Clipper vs. Limiter, soft and hard clipping

, Media players

Records, especially older records that were recorded and made before 1982, were much less likely to be mixed to make the record louder. They reproduce natural music with a natural dynamic range that is retained on the record and lost in most standard or high-definition digital formats.

Of course, there are exceptions here - listen to the recently released Steven Wilson album from MA Recordings or Reference Recordings, and you will hear how good it can be digital sound. But this is rare, most modern sound recordings are loud and compressed.

Music compression has come under a lot of criticism lately, but I'm willing to bet that almost all of your favorite recordings are compressed. Some of them less, some more, but still compressed. Dynamic range compression is a scapegoat that gets blamed for bad musical sounds, but highly compressed music is not a new trend: listen to Motown albums from the 60s. The same can be said for Led Zeppelin classics or younger Wilco and Radiohead albums. Dynamic range compression reduces the natural ratio between the loudest and the most quiet sound on the recording, so a whisper can be as loud as a scream. It's pretty hard to find pop music from the last 50 years that hasn't been compressed.

I recently had a nice chat with Tape Op magazine founder and editor Larry Crane about the good, bad, and "evil" aspects of compression. Larry Crane has worked with such bands and artists as Stefan Marcus, Cat Power, Sleater-Kinney, Jenny Lewis, M. Ward, The Go-Betweens, Jason Little, Eliot Smith, Quasi and Richmond Fontaine. He also runs the recording studio Jackpot! in Portland, Oregon, which has been home to The Breeders, The Decemberists, Eddie Vedder, Pavement, R.E.M., She & Him and many, many more.

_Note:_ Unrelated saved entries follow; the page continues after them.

(* Let $s=0$ and $\lambda\in\mathbb{C}$. Every odd superderivation of $\mathfrak{L}^0_\lambda$ of degree $0$ is inner; more precisely, it equals $\mathrm{ad}(aG_0+bH_0)$ for some $a,b\in\mathbb{C}$.
   Context: For $s\in\{0,\tfrac12\}$ and $\lambda\in\mathbb{C}$, $\mathfrak{L}^s_\lambda$ is the complex Lie superalgebra with basis $\{L_m,I_m,G_p,H_p : m\in\mathbb{Z},\ p\in s+\mathbb{Z}\}$, even part spanned by the $L_m,I_m$, odd part spanned by the $G_p,H_p$, and brackets $[L_m,L_n]=(m-n)L_{m+n}$, $[L_m,I_n]=(m-n)I_{m+n}$, $[L_m,H_p]=(\tfrac m2-p)H_{m+p}$, $[L_m,G_p]=(\tfrac m2-p)G_{m+p}+\lambda(m+1)H_{m+p}$, $[I_m,G_p]=(m-2p)H_{m+p}$, $[G_p,G_q]=I_{p+q}$, plus those given by super-antisymmetry $[y,x]=-(-1)^{|x||y|}[x,y]$; all other brackets of basis elements are zero. $\mathfrak{L}_r$ is spanned by basis elements of index $r$. A superderivation of parity $a$ is a linear map $D$ shifting parity by $a$ with $D([x,y])=[D(x),y]+(-1)^{a|x|}[x,D(y)]$ for homogeneous $x,y$; it has degree $r$ if $D(\mathfrak{L}_q)\subset\mathfrak{L}_{q+r}$. $\mathrm{ad}\,x(y)=[x,y]$. *)

theory Defs
  imports Complex_Main
begin

text \<open>Basis of the Lie superalgebra L^s_lambda for s = 0: all indices are integers.\<close>
datatype basis = L int | I int | G int | H int

type_synonym elem = "basis \<Rightarrow> complex"

definition supp :: "elem \<Rightarrow> basis set" where
  "supp x = {b. x b \<noteq> 0}"

definition Alg :: "elem set" where
  "Alg = {x. finite (supp x)}"

definition e :: "basis \<Rightarrow> elem" where
  "e b = (\<lambda>c. if c = b then 1 else 0)"

definition idx :: "basis \<Rightarrow> int" where
  "idx b = (case b of L m \<Rightarrow> m | I m \<Rightarrow> m | G p \<Rightarrow> p | H p \<Rightarrow> p)"

definition is_odd_basis :: "basis \<Rightarrow> bool" where
  "is_odd_basis b = (case b of L _ \<Rightarrow> False | I _ \<Rightarrow> False | G _ \<Rightarrow> True | H _ \<Rightarrow> True)"

text \<open>Bracket of basis elements (including those given by super-antisymmetry).\<close>
fun br0 :: "complex \<Rightarrow> basis \<Rightarrow> basis \<Rightarrow> elem" where
  "br0 lam (L m) (L n) = (\<lambda>c. of_int (m - n) * e (L (m + n)) c)"
| "br0 lam (L m) (I n) = (\<lambda>c. of_int (m - n) * e (I (m + n)) c)"
| "br0 lam (I n) (L m) = (\<lambda>c. - of_int (m - n) * e (I (m + n)) c)"
| "br0 lam (L m) (H p) = (\<lambda>c. (of_int m / 2 - of_int p) * e (H (m + p)) c)"
| "br0 lam (H p) (L m) = (\<lambda>c. - (of_int m / 2 - of_int p) * e (H (m + p)) c)"
| "br0 lam (L m) (G p) = (\<lambda>c. (of_int m / 2 - of_int p) * e (G (m + p)) c
                              + lam * of_int (m + 1) * e (H (m + p)) c)"
| "br0 lam (G p) (L m) = (\<lambda>c. - ((of_int m / 2 - of_int p) * e (G (m + p)) c
                              + lam * of_int (m + 1) * e (H (m + p)) c))"
| "br0 lam (I m) (G p) = (\<lambda>c. of_int (m - 2 * p) * e (H (m + p)) c)"
| "br0 lam (G p) (I m) = (\<lambda>c. - of_int (m - 2 * p) * e (H (m + p)) c)"
| "br0 lam (G p) (G q) = e (I (p + q))"
| "br0 lam _ _ = (\<lambda>c. 0)"

definition brk :: "complex \<Rightarrow> elem \<Rightarrow> elem \<Rightarrow> elem" where
  "brk lam x y = (\<lambda>c. \<Sum>a\<in>supp x. \<Sum>b\<in>supp y. x a * y b * br0 lam a b c)"

definition is_even_elem :: "elem \<Rightarrow> bool" where
  "is_even_elem x \<longleftrightarrow> (\<forall>b\<in>supp x. \<not> is_odd_basis b)"

definition is_odd_elem :: "elem \<Rightarrow> bool" where
  "is_odd_elem x \<longleftrightarrow> (\<forall>b\<in>supp x. is_odd_basis b)"

definition in_degree :: "int \<Rightarrow> elem \<Rightarrow> bool" where
  "in_degree q x \<longleftrightarrow> (\<forall>b\<in>supp x. idx b = q)"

As an example of surprisingly stilted but still great songs, I cite Spoon's "They Want My Soul", released in 2014. Crane laughs and says he listens to it in the car because it sounds great there. Which brings us to yet another answer to why music is compressed: because the compression and extra "clarity" makes it easier to hear in noisy places.

Larry Crane at work. Photo by Jason Quigley

When people say they like the sound of an audio recording, I consider that they like the music, as if sound and music were inseparable terms. But for myself, I differentiate these concepts. From a music lover's point of view, the sound may be rough and raw, but that won't matter to most listeners.

Many are in a hurry to accuse mastering engineers of abusing compression, but compression is applied directly during recording, during mixing, and only then during mastering. Unless you were personally present at each of these stages, you will not be able to tell how the instruments and vocals sounded at the very beginning of the process.

Crane was on fire: "If a musician wants to intentionally make the sound crazy and distorted like the Guided by Voices records, then there is nothing wrong with that - the desire always outweighs the quality of the sound." The performer's voice is almost always compressed, the same thing happens with bass, drums, guitars and synthesizers. With compression, the volume of the vocals is kept at right level throughout the song or stands out a little from the rest of the sounds.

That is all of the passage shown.